INSTRUCTIONS TO FOLLOW. Wherever a line holds the word "with", copy that line from the data.

(Stored items)
——

lemma sum_dyadic_index_shift:
  "(\<Sum>p\<in>dyadic_index (m + 1) (m + n). w p) =
   (\<Sum>i\<in>{0..<2 ^ m}. \<Sum>p\<in>dyadic_index 1 n. w (dyadic_shift m i p))"
proof -
  have "(\<Sum>p\<in>dyadic_index (m + 1) (m + n). w p) = (\<Sum>k\<in>{m + 1..m + n}. \<Sum>l\<in>{1..2 ^ (k - 1)}. w (k, l))"
    by (simp add: dyadic_index_eq_Sigma sum.Sigma)
  also have "\<dots> = (\<Sum>k\<in>{1..n}. \<Sum>l\<in>{1..2 ^ m * 2 ^ (k - 1)}. w (m + k, l))"
  proof -
    have "(2::int) ^ (m + k - 1) = 2 ^ m * 2 ^ (k - 1)" if "k \<in> {1..n}" for k
      using that by (simp flip: power_add)
    then show ?thesis
      using sum.shift_bounds_cl_nat_ivl[of "\<lambda>k. \<Sum>l\<in>{1..2 ^ (k - 1)}. w (k, l)" 1 m n]
      by (simp add: add.commute)
  qed
  also have "\<dots> = (\<Sum>k\<in>{1..n}. \<Sum>i\<in>{0..<2 ^ m}. \<Sum>j\<in>{1..2 ^ (k - 1)}. w (m + k, i * 2 ^ (k - 1) + j))"
    by (simp add: sum_int_blocks)
  also have "\<dots> = (\<Sum>i\<in>{0..<2 ^ m}. \<Sum>k\<in>{1..n}. \<Sum>j\<in>{1..2 ^ (k - 1)}. w (m + k, i * 2 ^ (k - 1) + j))"
    by (rule sum.swap)
  also have "\<dots> = (\<Sum>i\<in>{0..<2 ^ m}. \<Sum>p\<in>dyadic_index 1 n. w (dyadic_shift m i p))"
    unfolding dyadic_index_eq_Sigma dyadic_shift_def by (subst sum.Sigma) (auto simp: prod.case_distrib)
  finally show ?thesis .
qed

lemma power2_L2_set_dyadic_shift:
  "(L2_set f (dyadic_index (m + 1) (m + n)))\<^sup>2 =
   (\<Sum>i\<in>{0..<(2::int) ^ m}. (L2_set (f \<circ> dyadic_shift m i) (dyadic_index 1 n))\<^sup>2)"
  unfolding L2_set_def sum_dyadic_index_shift by (simp add: sum_nonneg)

lemma haar_sum_dyadic_shift:
  "haar_sum (dyadic_index (m + 1) (m + n)) v t =
   (\<Sum>i\<in>{0..<(2::int) ^ m}. 2 powr (real m / 2) *\<^sub>R
      haar_sum (dyadic_index 1 n) (v \<circ> dyadic_shift m i) (2 ^ m * t - i))"
  unfolding haar_sum_def sum_dyadic_index_shift scaleR_sum_right
proof (intro sum.cong refl)
  fix i :: int and p assume i: "i \<in> {0..<2 ^ m}" and p: "p \<in> dyadic_index 1 n"
  then obtain k j where "p = (k, j)" and k: "1 \<le> k" and j: "1 \<le> j" "j \<le> 2 ^ (k - 1)"
    by (auto simp: dyadic_index_def)
  moreover have "0 \<le> i" "i < 2 ^ m" using i by auto
  ultimately show "(case dyadic_shift m i p of (k, j) \<Rightarrow> haar k j t *\<^sub>R v (k, j)) =
    2 powr (real m / 2) *\<^sub>R (case p of (k, j) \<Rightarrow> haar k j (2 ^ m * t - i) *\<^sub>R (v \<circ> dyadic_shift m i) (k, j))"
    using haar_dilate[OF k _ _ j, of i m t] by (simp add: dyadic_shift_def)
qed

lemma norm_haar_sum_dyadic_shift:
  "(norm (haar_sum (dyadic_index (m + 1) (m + n)) v t))\<^sup>2 =
   (\<Sum>i\<in>{0..<(2::int) ^ m}. 2 ^ m * (norm (haar_sum (dyadic_index 1 n) (v \<circ> dyadic_shift m i) (2 ^ m * t - i)))\<^sup>2)"
proof -
  have supp: "haar_sum (dyadic_index 1 n) (v \<circ> dyadic_shift m i) (2 ^ m * t - i) = 0"
    if "i \<noteq> \<lfloor>2 ^ m * t\<rfloor>" for i
  proof (rule haar_sum_eq_0)
    show "2 ^ m * t - i \<notin> {0..<1}" using that floor_eq_iff[of "2 ^ m * t" i] by auto
  qed
  have "(norm (haar_sum (dyadic_index (m + 1) (m + n)) v t))\<^sup>2 =
    (\<Sum>i\<in>{0..<(2::int) ^ m}. (norm (2 powr (real m / 2) *\<^sub>R
       haar_sum (dyadic_index 1 n) (v \<circ> dyadic_shift m i) (2 ^ m * t - i)))\<^sup>2)"
    unfolding haar_sum_dyadic_shift
    by (rule norm_sum_power2_single_support[where a = "\<lfloor>2 ^ m * t\<rfloor>"]) (use supp in simp_all)
  moreover have "(2 powr (real m / 2))\<^sup>2 = (2::real) ^ m"
    by (simp add: power2_eq_square powr_realpow flip: powr_add)
  ultimately show ?thesis by (simp add: power_mult_distrib)
qed
(* In the single-component setting, suppose $\sigma\le\frac{4\sqrt2}{\sqrt\pi}$ and $\gamma^\star_\sigma\le\min\{1,\frac1{4\sqrt\rho}\}$, where $\gamma^\star_\sigma=\sigma^2+\sigma\sqrt{2\log\frac{4\sqrt2}{\sqrt\pi\sigma}}$. Then $\frac{\partial}{\partial\sigma}L(w)\ge p(0)\Big(\frac{\sigma}{11}\int_0^\infty\exp\big((|s(0)|-\frac{\sqrt\rho}4-1)\delta-\frac\rho2\delta^2\big)d\delta-2\sqrt2\exp\big(\frac{s(0)^2}{\nu+\sigma^{-2}}\big)\frac1{\sqrt{\nu+\sigma^{-2}}}\Big)$.
   Context: Single-component setting: $y$ uniform on $\{\pm1\}$; $x=(x_1,x_2)$, $x_1\in\mathbb{R}^{d_1}$, $x_2\sim\mathcal{N}(0,\Sigma_2)$ with $\Sigma_2\succ0$ independent of $x_1$. $\ell_{exp}(t)=\exp(-|t|)$, $L(w)=\mathbb{E}[\ell_{exp}(w^\top x)]$. For fixed $w=(w_1,w_2)$: $\sigma=\sqrt{w_2^\top\Sigma_2w_2}$; $p$ is the density of $\mu=w_1^\top x_1$, assumed such that $\log p$ is differentiable, $\nu$-strongly concave and $\rho$-smooth (i.e. $-\rho\le(\log p)''\le-\nu$) for some $0<\nu\le\rho$; $s(\mu)=\frac{p'(\mu)}{p(\mu)}$. $L(w)=\mathbb{E}_\mu[g_\sigma(\mu)]$ with $g_\sigma(\mu)=\mathbb{E}_{Z\sim\mathcal{N}(0,1)}[\ell_{exp}(\mu+\sigma Z)]$, and $\frac{\partial}{\partial\sigma}L(w)=\mathbb{E}_\mu[\frac{\partial}{\partial\sigma}g_\sigma(\mu)]$ denotes the derivative with respect to $\sigma$ with the law of $\mu$ held fixed. *)

theory Defs
  imports "HOL-Probability.Probability"
begin

definition ell_exp :: "real \<Rightarrow> real" where
  "ell_exp t = exp (- \<bar>t\<bar>)"

definition g_smooth :: "real \<Rightarrow> real \<Rightarrow> real" where
  "g_smooth \<sigma> \<mu> = (LINT z|lborel. std_normal_density z * ell_exp (\<mu> + \<sigma> * z))"

text \<open>L as a function of sigma with the law of mu (density p) held fixed:
  L = E_mu[g_sigma(mu)].\<close>
definition L_sigma :: "(real \<Rightarrow> real) \<Rightarrow> real \<Rightarrow> real" where
  "L_sigma p \<sigma> = (LINT m|lborel. p m * g_smooth \<sigma> m)"

definition score :: "(real \<Rightarrow> real) \<Rightarrow> real \<Rightarrow> real" where
  "score p x = deriv p x / p x"

definition gamma_star :: "real \<Rightarrow> real" where
  "gamma_star \<sigma> = \<sigma>\<^sup>2 + \<sigma> * sqrt (2 * ln (4 * sqrt 2 / (sqrt pi * \<sigma>)))"

end

theory Submission
  imports Defs "HOL-Real_Asymp.Real_Asymp"
begin

text \<open>
  Differentiating under both integrals and integrating by parts in the Gaussian variable gives
  \<open>dL/d\<sigma> = \<sigma> L(\<sigma>) - 2 E[\<phi>(\<mu>/\<sigma>)]\<close>, where the second term is produced by the kink
  of the loss at \<open>0\<close>. The two-sided bound on the derivative of the score sandwiches \<open>p\<close>
  between the Gaussian envelopes \<open>p(0) exp(s(0) \<mu> - \<rho> \<mu>\<^sup>2/2)\<close> and
  \<open>p(0) exp(s(0) \<mu> - \<nu> \<mu>\<^sup>2/2)\<close>. For \<open>\<sigma> \<le> 1\<close> the smoothed loss is at least
  \<open>exp(-1 - |\<mu>|)\<close>; integrating this against the lower envelope on the half-line where
  \<open>s(0) \<mu> \<ge> 0\<close> bounds \<open>L(\<sigma>)\<close> from below, while the upper envelope turns
  \<open>E[\<phi>(\<mu>/\<sigma>)]\<close> into an explicit Gaussian integral.
\<close>

lemma integrable_mult_bounded:
  fixes f g :: "'a \<Rightarrow> real"
  assumes "integrable M f" "g \<in> borel_measurable M" "\<And>x. \<bar>g x\<bar> \<le> C"
  shows "integrable M (\<lambda>x. f x * g x)"
proof (rule Bochner_Integration.integrable_bound)
  show "integrable M (\<lambda>x. C * f x)"
    using assms(1) by simp
  show "AE x in M. norm (f x * g x) \<le> norm (C * f x)"
  proof (rule AE_I2)
    fix x
    have "\<bar>f x\<bar> * \<bar>g x\<bar> \<le> \<bar>f x\<bar> * \<bar>C\<bar>"
      using assms(3)[of x] by (intro mult_left_mono) auto
    then show "norm (f x * g x) \<le> norm (C * f x)"
      by (simp add: abs_mult mult.commute)
  qed
qed (use assms in measurable)

lemma has_real_derivative_integral_lipschitz:
  fixes f :: "real \<Rightarrow> 'a \<Rightarrow> real"
  assumes meas: "\<And>s. f s \<in> borel_measurable M" and f'_meas: "f' \<in> borel_measurable M"
    and int_x: "integrable M (f x)" and int_w: "integrable M w"
    and deriv: "AE y in M. ((\<lambda>s. f s y) has_real_derivative f' y) (at x)"
    and lip: "\<And>s y. y \<in> space M \<Longrightarrow> \<bar>f s y - f x y\<bar> \<le> \<bar>s - x\<bar> * w y"
  shows "((\<lambda>s. LINT y|M. f s y) has_real_derivative (LINT y|M. f' y)) (at x)"
proof -
  have w_nonneg: "0 \<le> w y" if "y \<in> space M" for y
    using lip[OF that, of "x + 1"] abs_ge_zero[of "f (x + 1) y - f x y"] by simp
  have int_s: "integrable M (f s)" for s
  proof (rule Bochner_Integration.integrable_bound)
    show "integrable M (\<lambda>y. \<bar>f x y\<bar> + \<bar>s - x\<bar> * w y)"
      using int_x int_w by auto
    show "AE y in M. norm (f s y) \<le> norm (\<bar>f x y\<bar> + \<bar>s - x\<bar> * w y)"
    proof (rule AE_I2)
      fix y assume "y \<in> space M"
      with lip[of y s] w_nonneg[of y] show "norm (f s y) \<le> norm (\<bar>f x y\<bar> + \<bar>s - x\<bar> * w y)"
        by simp
    qed
  qed (use meas in auto)
  show ?thesis
    unfolding DERIV_def tendsto_at_iff_sequentially comp_def
  proof (intro allI impI)
    fix X :: "nat \<Rightarrow> real"
    assume X: "\<forall>i. X i \<in> UNIV - {0}" "X \<longlonglongrightarrow> 0"
    then have X_at: "filterlim X (at 0) sequentially"
      by (auto simp: filterlim_at)
    have quot: "((LINT y|M. f (x + X i) y) - (LINT y|M. f x y)) / X i
        = (LINT y|M. (f (x + X i) y - f x y) / X i)" for i
      using int_s by simp
    show "(\<lambda>i. ((LINT y|M. f (x + X i) y) - (LINT y|M. f x y)) / X i) \<longlonglongrightarrow> (LINT y|M. f' y)"
      unfolding quot
    proof (rule integral_dominated_convergence[where w=w])
      show "AE y in M. (\<lambda>i. (f (x + X i) y - f x y) / X i) \<longlonglongrightarrow> f' y"
        using deriv
      proof eventually_elim
        case (elim y)
        then have "((\<lambda>h. (f (x + h) y - f x y) / h) \<longlongrightarrow> f' y) (at 0)"
          by (simp add: DERIV_def)
        from filterlim_compose[OF this X_at] show ?case .
      qed
      show "AE y in M. norm ((f (x + X i) y - f x y) / X i) \<le> w y" for i
        using lip[of _ "x + X i"] X(1) by (intro AE_I2) (simp add: divide_le_eq mult.commute)
    qed (use meas f'_meas int_w in auto)
  qed
qed
theorem corollary3p3:
  fixes \<nu> :: "'a::field \<Rightarrow> int" and \<pi> a :: 'a
    and \<phi> :: "'a \<Rightarrow> 'b::field" and \<alpha> :: 'b
    and n m :: nat and s t :: int
  assumes "discrete_valuation \<nu>"
    and "\<pi> \<noteq> 0" and "\<nu> \<pi> = 1"
    and "a \<noteq> 0" and "\<nu> a = int m" and "m \<ge> 1" and "gcd m n = 1"
    and "field_embedding \<phi>"
    and "poly (map_poly \<phi> (monom 1 n + [:a:])) \<alpha> = 0"
    and "int m * s - int n * t = 1"
  shows "irreducible (monom 1 n + [:a:])
       \<and> integral_closure (\<phi> ` val_ring \<nu>) (gen_subfield (\<phi> ` UNIV \<union> {\<alpha>}))
         = ring_adjoin (\<phi> ` val_ring \<nu>) (\<alpha> powi s / \<phi> \<pi> powi t)"
proof -
  interpret int_valuation \<nu>
    using assms(1) by (rule discrete_valuation_imp_int_valuation)
  have hom: "field_hom \<phi>"
    using assms(8) by (rule field_embedding_imp_field_hom)
  have "0 < n" and \<alpha>: "\<alpha> ^ n = \<phi> (- a)" and "\<alpha> \<noteq> 0"
    using root_of_binomial[OF hom assms(4) _ assms(9)] assms(5,6) by simp_all
  define b where "b = (- a) powi s / \<pi> powi (t * int n)"
  have "b \<noteq> 0" and "\<nu> b = 1"
    using assms(2-5,10) by (simp_all add: b_def v_divide v_power_int v_minus algebra_simps)
  have "coprime (\<nu> a) (int n)"
    using assms(5,7) by (simp add: coprime_iff_gcd_eq_1 gcd_int_int_eq)
  then show ?thesis
    using irreducible_binomial[OF \<open>0 < n\<close> assms(4)]
      rescaled_pure_root[OF hom \<open>\<alpha> \<noteq> 0\<close> \<alpha> assms(2,10), folded b_def]
      integral_closure_pure_eisenstein[OF hom \<open>0 < n\<close> \<open>b \<noteq> 0\<close> \<open>\<nu> b = 1\<close>]
    by simp
qed

end
lemma wirtinger_commute:
  assumes "cinf_on U F"
  shows "wirtinger U x y c (wirtinger U x' y' c' F) p = wirtinger U x' y' c' (wirtinger U x y c F) p"
proof (cases "p \<in> U")
  case True
  have diff: "F differentiable at p" "pd F v differentiable at p" for v
    using True assms cinf_on_pd cinf_on_imp_differentiable_at[OF U] by blast+
  have pd_wirtinger: "pd (wirtinger U x y c F) v p = (pd (pd F x) v p + c * pd (pd F y) v p) / 2"
    for x y c v
  proof -
    have "pd (wirtinger U x y c F) v p = pd (\<lambda>q. (pd F x q + c * pd F y q) / 2) v p"
      by (rule pd_cong_open[OF U True]) (simp add: wirtinger_eq)
    also have "\<dots> = (pd (pd F x) v p + c * pd (pd F y) v p) / 2"
      by (rule pd_wirtinger_combination[OF diff(2) diff(2)])
    finally show ?thesis .
  qed
  have "pd (pd F v) w p = pd (pd F w) v p" for v w
    using diff True assms cinf_on_imp_differentiable_at[OF U] by (intro pd_symmetric[OF U True]) auto
  then show ?thesis
    unfolding wirtinger_eq[OF True] pd_wirtinger by (simp add: algebra_simps add_divide_distrib)
qed (simp add: wirtinger_outside)

text \<open>Oriented so that the simplifier moves Dz innermost, followed by Dzb, Ds k and Dsb l;
  in this normal form the curvature equation Dzb (Dz (logL lam)) = Lam lam applies.\<close>
lemma Dz_Dzb_Ds_Dsb_commute:
  assumes "cinf_on U F"
  shows "Dz (Dzb F) p = Dzb (Dz F) p" "Dz (Ds k F) p = Ds k (Dz F) p" "Dz (Dsb k F) p = Dsb k (Dz F) p"
    "Dzb (Ds k F) p = Ds k (Dzb F) p" "Dzb (Dsb k F) p = Dsb k (Dzb F) p"
    "Ds k (Dsb l F) p = Dsb l (Ds k F) p"
  by (rule wirtinger_commute[OF assms])+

——

SOLVED PROBLEM.
   Context: Single-component setting: $y$ uniform on $\{\pm1\}$; $x=(x_1,x_2)$, $x_1\in\mathbb{R}^{d_1}$, $x_2\sim\mathcal{N}(0,\Sigma_2)$ with $\Sigma_2\succ0$ independent of $x_1$. $\ell_{exp}(t)=\exp(-|t|)$, $L(w)=\mathbb{E}[\ell_{exp}(w^\top x)]$. For fixed $w=(w_1,w_2)$: $\sigma=\sqrt{w_2^\top\Sigma_2w_2}$; $p$ is the density of $\mu=w_1^\top x_1$, assumed such that $\log p$ is differentiable, $\nu$-strongly concave and $\rho$-smooth (i.e. $-\rho\le(\log p)''\le-\nu$) for some $0<\nu\le\rho$; $s(\mu)=\frac{p'(\mu)}{p(\mu)}$. $L(w)=\mathbb{E}_\mu[g_\sigma(\mu)]$ with $g_\sigma(\mu)=\mathbb{E}_{Z\sim\mathcal{N}(0,1)}[\ell_{exp}(\mu+\sigma Z)]$, and $\frac{\partial}{\partial\sigma}L(w)=\mathbb{E}_\mu[\frac{\partial}{\partial\sigma}g_\sigma(\mu)]$ denotes the derivative with respect to $\sigma$ with the law of $\mu$ held fixed. *)
text \<open>L as a function of sigma with the law of mu (density p) held fixed:
      with lip[of y s] w_nonneg[of y] show "norm (f s y) \<le> norm (\<bar>f x y\<bar> + \<bar>s - x\<bar> * w y)"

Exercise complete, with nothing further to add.